This page is on building kubernetes cluster with loadbalancer for kube-apiserver and external etcd cluster.

references to official documents

The HA (highly available kube-apiserver using loadbalancer) is described in the official kubernetes documentation here.

The external etcd topology is explained in the official kubernetes document here.

ToC

  • preparing machines
  • setting up kube-ready nodes
  • building etcd cluster
  • preparing loadbalancer for kube-apiserver on control plane nodes
  • initializing kubernetes cluster
  • demo

Preparing Machines

I prepared physical and virtual machines all on AMD64 with mixed OS just to practice composing ansible playbook capable of handling different kinds of machines.

Baremetal Servers

As for baremetals, it is just a matter of getting the minimal OS installer image on USB, stick it to the machines, and follow the installation wizard to install OS with minimal system utilities and ssh server. I won't go into details on this.

Virtual Servers

As for virtual servers, I decided to build main virtual machines on Proxmox, and also did some testing on Hyper-V using my gaming desktop machine running Windows 11 Pro.

Building a virtual machine on Proxmox web GUI is as straightforward as installing an OS on baremetal machines. Here I leave notes on building virtual machines using templated cloud-init images on Proxmox.
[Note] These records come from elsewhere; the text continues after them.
text \<open>The perturbation is \<open>S h = \<langle>h, z\<rangle> w\<close>, so that \<open>(T \<plusminus> S) h = \<langle>h, x\<rangle> y \<plusminus> \<langle>h, z\<rangle> w\<close>.\<close>
lemma ell2_contractive_imp_not_extreme:
  fixes T :: "'h::real_inner \<Rightarrow>\<^sub>L 'y::real_normed_vector"
  assumes x: "norm x = 1" and z: "norm z = 1" "inner x z = 0"
    and T: "\<And>h. T h = inner h x *\<^sub>R y"
    and w: "w \<noteq> 0" "ell2_contractive y w"
  shows "\<not> T extreme_point_of cball 0 1"
proof -
  define S :: "'h \<Rightarrow>\<^sub>L 'y" where "S = Blinfun (\<lambda>h. inner h z *\<^sub>R w)"
  have "bounded_linear (\<lambda>h. inner h z *\<^sub>R w)" by (intro bounded_linear_intros)
  then have S: "S h = inner h z *\<^sub>R w" for h
    by (simp add: S_def bounded_linear_Blinfun_apply)
  have bound: "norm (T h + t *\<^sub>R S h) \<le> norm h" if "\<bar>t\<bar> = 1" for h t
  proof -
    from that have "t = 1 \<or> t = -1" by linarith
    then have "ell2_contractive y (t *\<^sub>R w)"
      using w(2) ell2_contractive_uminus[OF w(2)] by auto
    then have "norm (inner h x *\<^sub>R y + inner h z *\<^sub>R (t *\<^sub>R w))
        \<le> sqrt ((inner h x)\<^sup>2 + (inner h z)\<^sup>2)"
      by (simp add: ell2_contractive_def)
    also have "\<dots> \<le> norm h" using bessel_inequality_pair[OF x z] .
    finally show ?thesis by (simp add: T S mult.commute)
  qed
  have in_ball: "T + S \<in> cball 0 1" "T - S \<in> cball 0 1"
    using bound[of 1] bound[of "-1"]
    by (auto intro!: norm_blinfun_bound simp: plus_blinfun.rep_eq minus_blinfun.rep_eq)
  have "S \<noteq> 0"
  proof
    assume "S = 0"
    then have "S z = 0" by simp
    with z w(1) show False by (simp add: S power2_norm_eq_inner[symmetric])
  qed
  then have "T + S \<noteq> T - S"
  proof (rule contrapos_nn)
    assume "T + S = T - S"
    then have "2 *\<^sub>R S = 0" by (simp add: scaleR_2 algebra_simps)
    then show "S = 0" by simp
  qed
  then have "T \<in> open_segment (T + S) (T - S)"
    using midpoint_in_open_segment[of "T + S" "T - S"]
    by (simp add: midpoint_def scaleR_add_right[symmetric])
  with in_ball show ?thesis unfolding extreme_point_of_def by blast
qed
Rocky 9 on Proxmox Using Cloud-init Image

Here is what's done below:

  • download cloud-init image and verify it
  • prepare ssh public key to import on the new machine at ~/.ssh/authorized_keys
  • create a virtual machine using the image and set basic parameters such as CPU, memory, architecture, and NIC
  • convert the machine into a template
  • clone the template to build the actual machine to run
  • set cloud-init parameters such as IP address, username, and ssh public key to allow access
  • start the image
# on proxmox hypervisor

# prepare the directory to place downloaded cloud-init image files
mkdir -p /opt/pve/dnld

# download and verify the file
cd /opt/pve/dnld
wget https://dl.rockylinux.org/pub/rocky/9/images/x86_64/Rocky-9-GenericCloud-LVM-9.5-20241118.0.x86_64.qcow2
wget https://dl.rockylinux.org/pub/rocky/9/images/x86_64/Rocky-9-GenericCloud-LVM-9.5-20241118.0.x86_64.qcow2.CHECKSUM
sha256sum -c Rocky-9-GenericCloud-LVM-9.5-20241118.0.x86_64.qcow2.CHECKSUM
qemu-img info Rocky-9-GenericCloud-LVM-9.5-20241118.0.x86_64.qcow2

# prepare ansible user ssh public key
mkdir /opt/pve/ssh_pub
cd /opt/pve/ssh_pub
# get the ssh public key from wherever and place it in the created directory
# or generate one

# environment variables
path_ciimg=/opt/pve/dnld/Rocky-9-GenericCloud-LVM-9.5-20241118.0.x86_64.qcow2
path_ssh_public_key=/opt/pve/ssh_pub/id_ed25519.pub
ciusername=username_here

# create a VM using the downloaded cloud-init image
qm create 9000 --memory 2048 --net0 virtio,bridge=vmbr0 --scsihw virtio-scsi-single --cpu cputype=x86-64-v3 --ostype l26
qm set 9000 --scsi0 local-zfs:0,import-from=$path_ciimg
qm set 9000 --ide2 local-zfs:cloudinit
qm set 9000 --boot order=scsi0

# template it
qm template 9000

# check what's created
qm config 9000
qm showcmd 9000

# create a new VM using the template
qm clone 9000 1308 --name name_of_this_rocky9_vm
qm set 1308 --sshkey $path_ssh_public_key
qm set 1308 --ipconfig0 ip=192.168.111.30/24,gw=192.168.111.1
qm set 1308 --ciuser $ciusername

While many of the steps are identical to what's described in the official document, here are some additional notes on minor deviations:

  • storage is local-zfs instead of local just because I prepared a different storage named local-zfs
  • cputype is x86-64-v3, and I referred to these links to choose one for my machine running Proxmox
  • resizing disk
    • resized disk size of the downloaded qcow2 image itself for most of the OS's I used, and the final cloned virtual machine had all the disk space automatically recognized and mounted
      • # qemu-img resize debian-12-generic-amd64.qcow2 64G
    • for some I did disk resize using qm command like following, and in which case I had to partitioning, pvcreate, vgextend, lvextend, xfs_growfs, and the likes
      • qm disk resize 1312 scsi0 128G
      • obviously changing the disk size on the original cloud-init image is easier

Setting Up Kube-Ready Nodes Using Ansible

Here is the list of machines I prepared.

One of the goal for rebuilding my homelab is to be able to compose whatever ansible automation I want, and here I am with numbers of machines with mixed OS. I ran ansible-playbook to make whatever changes required to make these nodes kubernetes-ready along with other machines not listed here with roles to run services using docker or to serve as jump host.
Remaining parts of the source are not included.